lemma integral_abs_dev_avg_le:
  assumes n: "n \<ge> 1"
  shows "(\<integral>w. \<bar>dev_avg n w\<bar> \<partial>M) \<le> real n powr \<eta>' * (1 + 4 * \<theta>' / (1 - 2 powr (2 - \<alpha>)))"
proof -
  have "(\<integral>w. \<bar>dev_avg n w\<bar> \<partial>M) \<le> real n powr \<eta>' * (1 + 2 * (2 * \<theta>') / (1 - 2 powr (1 - (\<alpha> - 1))))"
  proof (rule integral_abs_le_of_tail)
    show "dev_avg n \<in> borel_measurable M"
      by measurable
    show "AE w in M. \<bar>dev_avg n w\<bar> \<le> (\<Lambda> + 2 * (Rc + Rx)) * real n"
      using AE_admissible[of n] by eventually_elim (rule abs_dev_avg_le[OF _ n])
    show "0 < real n powr \<eta>'" "1 < \<alpha> - 1"
      using n \<alpha>_gt_2 by auto
    fix z :: real
    assume z: "1 \<le> z"
    have "prob {w \<in> space M. real n powr \<eta>' * z \<le> \<bar>dev_avg n w\<bar>}
        \<le> prob {w \<in> space M. real n powr \<eta>' * z \<le> 1 * dev_avg n w}
          + prob {w \<in> space M. real n powr \<eta>' * z \<le> - 1 * dev_avg n w}"
      using prob_abs_ge_le[of "dev_avg n"] by simp
    also have "\<dots> \<le> \<theta>' / z powr (\<alpha> - 1) + \<theta>' / z powr (\<alpha> - 1)"
      using prob_dev_avg_tail[of 1 n z] prob_dev_avg_tail[of "- 1" n z] n z by (intro add_mono) auto
    finally show "prob {w \<in> space M. real n powr \<eta>' * z \<le> \<bar>dev_avg n w\<bar>} \<le> 2 * \<theta>' / z powr (\<alpha> - 1)"
      by simp
  qed
  then show ?thesis
    by simp
qed

lemma bias_le:
  assumes n: "n \<ge> 1"
  shows "\<bar>mu istar - (\<integral>w. rho_bar K \<beta> \<gamma> S c x nx a n w \<partial>M)\<bar>
    \<le> (1 + 4 * \<theta>' / (1 - 2 powr (2 - \<alpha>))) * real n powr (\<eta>' - 1)"
proof -
  have np: "real n > 0"
    using n by simp
  have int: "integrable M (dev_avg n)"
    using AE_admissible[of n] abs_dev_avg_le[OF _ n]
    by (intro integrable_const_bound[where B = "(\<Lambda> + 2 * (Rc + Rx)) * real n"]) (auto elim: AE_mp)
  have "(\<integral>w. rho_bar K \<beta> \<gamma> S c x nx a n w \<partial>M) = (\<integral>w. dev_avg n w / real n + mu istar \<partial>M)"
    using np by (intro Bochner_Integration.integral_cong) (simp_all add: field_simps)
  also have "\<dots> = (\<integral>w. dev_avg n w \<partial>M) / real n + mu istar"
    using int by (simp add: prob_space)
  finally have "\<bar>mu istar - (\<integral>w. rho_bar K \<beta> \<gamma> S c x nx a n w \<partial>M)\<bar> = \<bar>\<integral>w. dev_avg n w \<partial>M\<bar> / real n"
    by (simp add: abs_divide)
  also have "\<dots> \<le> (\<integral>w. \<bar>dev_avg n w\<bar> \<partial>M) / real n"
    using np by (intro divide_right_mono integral_abs_bound) auto
  also have "\<dots> \<le> real n powr \<eta>' * (1 + 4 * \<theta>' / (1 - 2 powr (2 - \<alpha>))) / real n"
    using np integral_abs_dev_avg_le[OF n] by (intro divide_right_mono) auto
  also have "\<dots> = (1 + 4 * \<theta>' / (1 - 2 powr (2 - \<alpha>))) * real n powr (\<eta>' - 1)"
    using np by (simp add: powr_diff)
  finally show ?thesis .
qed

lemma expectation_rho_bar_tendsto:
  "(\<lambda>n. \<integral>w. rho_bar K \<beta> \<gamma> S c x nx a n w \<partial>M) \<longlonglongrightarrow> mu istar"
proof (rule LIM_zero_cancel, rule Lim_null_comparison)
  let ?C = "1 + 4 * \<theta>' / (1 - 2 powr (2 - \<alpha>))"
  show "\<forall>\<^sub>F n in sequentially. norm ((\<integral>w. rho_bar K \<beta> \<gamma> S c x nx a n w \<partial>M) - mu istar)
      \<le> ?C * real n powr (\<eta>' - 1)"
    using eventually_ge_at_top[of 1] by eventually_elim (use bias_le in \<open>auto simp: abs_minus_commute\<close>)
  have "(\<lambda>n. real n powr (\<eta>' - 1)) \<longlonglongrightarrow> 0"
    using \<eta>'_lt_1 by (intro tendsto_neg_powr filterlim_real_sequentially) auto
  then show "(\<lambda>n. ?C * real n powr (\<eta>' - 1)) \<longlonglongrightarrow> 0"
    by (rule tendsto_mult_right_zero)
qed

lemma dev_avg_upper_tail:
  assumes "n \<ge> 1" and "1 \<le> z"
  shows "prob {w \<in> space M. dev_avg n w \<ge> real n powr \<eta>' * z} \<le> \<theta>' / z powr (\<alpha> - 1)"
  using prob_dev_avg_tail[of 1, OF _ assms] by simp

lemma dev_avg_lower_tail:
  assumes "n \<ge> 1" and "1 \<le> z"
  shows "prob {w \<in> space M. dev_avg n w \<le> - (real n powr \<eta>' * z)} \<le> \<theta>' / z powr (\<alpha> - 1)"
proof -
  have "{w \<in> space M. dev_avg n w \<le> - (real n powr \<eta>' * z)}
      = {w \<in> space M. real n powr \<eta>' * z \<le> - 1 * dev_avg n w}"
    by auto
  then show ?thesis
    using prob_dev_avg_tail[of "- 1", OF _ assms] by simp
qed

end

theorem theorem4:
  fixes \<beta> R \<xi> \<eta> \<alpha> \<theta>L \<Delta>min :: real and K :: nat
  assumes "\<beta> > 0" and "\<xi> > 1" and "1/2 \<le> \<eta>" and "\<eta> < 1" and "\<alpha> > 2"
    and "\<xi> * \<eta> * (1 - \<eta>) \<le> \<alpha>" and "\<alpha> < \<xi> * (1 - \<eta>)"
    and "\<theta>L > 1" and "K \<ge> 2"
  shows "\<exists>C \<theta>'. \<theta>' > 1 \<and>
    (\<forall>(M :: 'w measure) S Rc Rx \<gamma> \<theta> c P x mu_s nx a istar.
       Rc + Rx = R \<longrightarrow> \<theta> > 1 \<longrightarrow>
       nd_bandit M K S Rc Rx \<beta> \<gamma> \<theta> \<xi> \<eta> c P x mu_s nx \<longrightarrow>
       (\<forall>i<K. \<forall>z::real. \<forall>n::nat. z \<ge> 1 \<longrightarrow> n \<ge> 1 \<longrightarrow>
          measure M {w \<in> space M. real n * rho_arm \<beta> \<gamma> S c x nx i n w
                          - real n * mu_arm \<beta> \<gamma> c P mu_s i \<ge> real n powr \<eta> * z} \<le> \<theta>L / z powr \<xi> \<and>
          measure M {w \<in> space M. real n * rho_arm \<beta> \<gamma> S c x nx i n w
                          - real n * mu_arm \<beta> \<gamma> c P mu_s i \<le> - (real n powr \<eta> * z)} \<le> \<theta>L / z powr \<xi>) \<longrightarrow>
       istar < K \<longrightarrow>
       (\<forall>i<K. i \<noteq> istar \<longrightarrow> mu_arm \<beta> \<gamma> c P mu_s istar < mu_arm \<beta> \<gamma> c P mu_s i) \<longrightarrow>
       \<Delta>min = Min ((\<lambda>i. mu_arm \<beta> \<gamma> c P mu_s i - mu_arm \<beta> \<gamma> c P mu_s istar) ` ({..<K} - {istar})) \<longrightarrow>
       ucb_policy M K \<beta> \<gamma> S c x nx \<theta>L \<xi> \<alpha> \<eta> a \<longrightarrow>
       (let \<mu>star = mu_arm \<beta> \<gamma> c P mu_s istar;
            \<rho>bar = rho_bar K \<beta> \<gamma> S c x nx a;
            \<eta>' = \<alpha> / (\<xi> * (1 - \<eta>));
            \<xi>' = \<alpha> - 1
        in (\<forall>n::nat. n \<ge> 1 \<longrightarrow>
              \<bar>\<mu>star - integral\<^sup>L M (\<rho>bar n)\<bar> \<le> C * exp (2 * \<beta> * R) * real n powr (\<eta>' - 1)) \<and>
           ((\<lambda>n. integral\<^sup>L M (\<rho>bar n)) \<longlonglongrightarrow> \<mu>star) \<and>
           (\<forall>z::real. \<forall>n::nat. z \<ge> 1 \<longrightarrow> n \<ge> 1 \<longrightarrow>
              measure M {w \<in> space M. real n * \<rho>bar n w - real n * \<mu>star \<ge> real n powr \<eta>' * z}
                \<le> \<theta>' / z powr \<xi>' \<and>
              measure M {w \<in> space M. real n * \<rho>bar n w - real n * \<mu>star \<le> - (real n powr \<eta>' * z)}
                \<le> \<theta>' / z powr \<xi>')))"
proof -
  define \<theta>' where "\<theta>' = ucb_tail_const \<beta> R K \<theta>L \<xi> \<eta> \<alpha> \<Delta>min"
  define C where "C = 1 + 4 * \<theta>' / (1 - 2 powr (2 - \<alpha>))"
  have \<theta>': "\<theta>' > 1"
    unfolding \<theta>'_def using assms by (intro ucb_tail_const_gt_1) auto
  have "(2::real) powr (2 - \<alpha>) < 2 powr 0"
    using assms by (intro powr_less_mono) auto
  then have C: "0 \<le> C"
    using \<theta>' by (simp add: C_def)
  show ?thesis
    apply (rule exI[of _ C], rule exI[of _ \<theta>'], intro conjI \<theta>' allI impI)
    subgoal premises prems for M S Rc Rx \<gamma> \<theta> c P x mu_s nx a istar
    proof -
      interpret ucb_run M K S Rc Rx \<beta> \<gamma> c P x mu_s nx \<xi> \<eta> \<alpha> \<theta>L \<Delta>min a istar
      proof (intro ucb_run.intro bounded_nd_bandit.intro bounded_nd_bandit_axioms.intro ucb_run_axioms.intro)
        show "prob_space M"
          using prems(3) by (simp add: nd_bandit_def)
      qed (use prems assms in \<open>simp_all add: nd_bandit_def\<close>)
      have "\<bar>mu istar - (\<integral>w. rho_bar K \<beta> \<gamma> S c x nx a n w \<partial>M)\<bar>
          \<le> C * exp (2 * \<beta> * R) * real n powr (\<eta>' - 1)" if "n \<ge> 1" for n
      proof -
        have "1 \<le> exp (2 * \<beta> * R)"
          using R_nonneg prems(1) assms(1) by simp
        then have "C * real n powr (\<eta>' - 1) \<le> C * exp (2 * \<beta> * R) * real n powr (\<eta>' - 1)"
          using C by (simp add: mult_le_cancel_left1 mult_right_mono)
        then show ?thesis
          using bias_le[OF that] prems(1) by (simp add: C_def \<theta>'_def)
      qed
      then show ?thesis
        using expectation_rho_bar_tendsto dev_avg_upper_tail dev_avg_lower_tail prems(1)
        by (simp add: Let_def \<theta>'_def)
    qed
    done
qed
....................
WHAT THE EXERCISE ASKS: Please, starting with the first line of the material above, write out each line exactly and finish on the line that includes "fix z :: real".

RESULT OF THIS TASK:
lemma integral_abs_dev_avg_le:
  assumes n: "n \<ge> 1"
  shows "(\<integral>w. \<bar>dev_avg n w\<bar> \<partial>M) \<le> real n powr \<eta>' * (1 + 4 * \<theta>' / (1 - 2 powr (2 - \<alpha>)))"
proof -
  have "(\<integral>w. \<bar>dev_avg n w\<bar> \<partial>M) \<le> real n powr \<eta>' * (1 + 2 * (2 * \<theta>') / (1 - 2 powr (1 - (\<alpha> - 1))))"
  proof (rule integral_abs_le_of_tail)
    show "dev_avg n \<in> borel_measurable M"
      by measurable
    show "AE w in M. \<bar>dev_avg n w\<bar> \<le> (\<Lambda> + 2 * (Rc + Rx)) * real n"
      using AE_admissible[of n] by eventually_elim (rule abs_dev_avg_le[OF _ n])
    show "0 < real n powr \<eta>'" "1 < \<alpha> - 1"
      using n \<alpha>_gt_2 by auto
    fix z :: real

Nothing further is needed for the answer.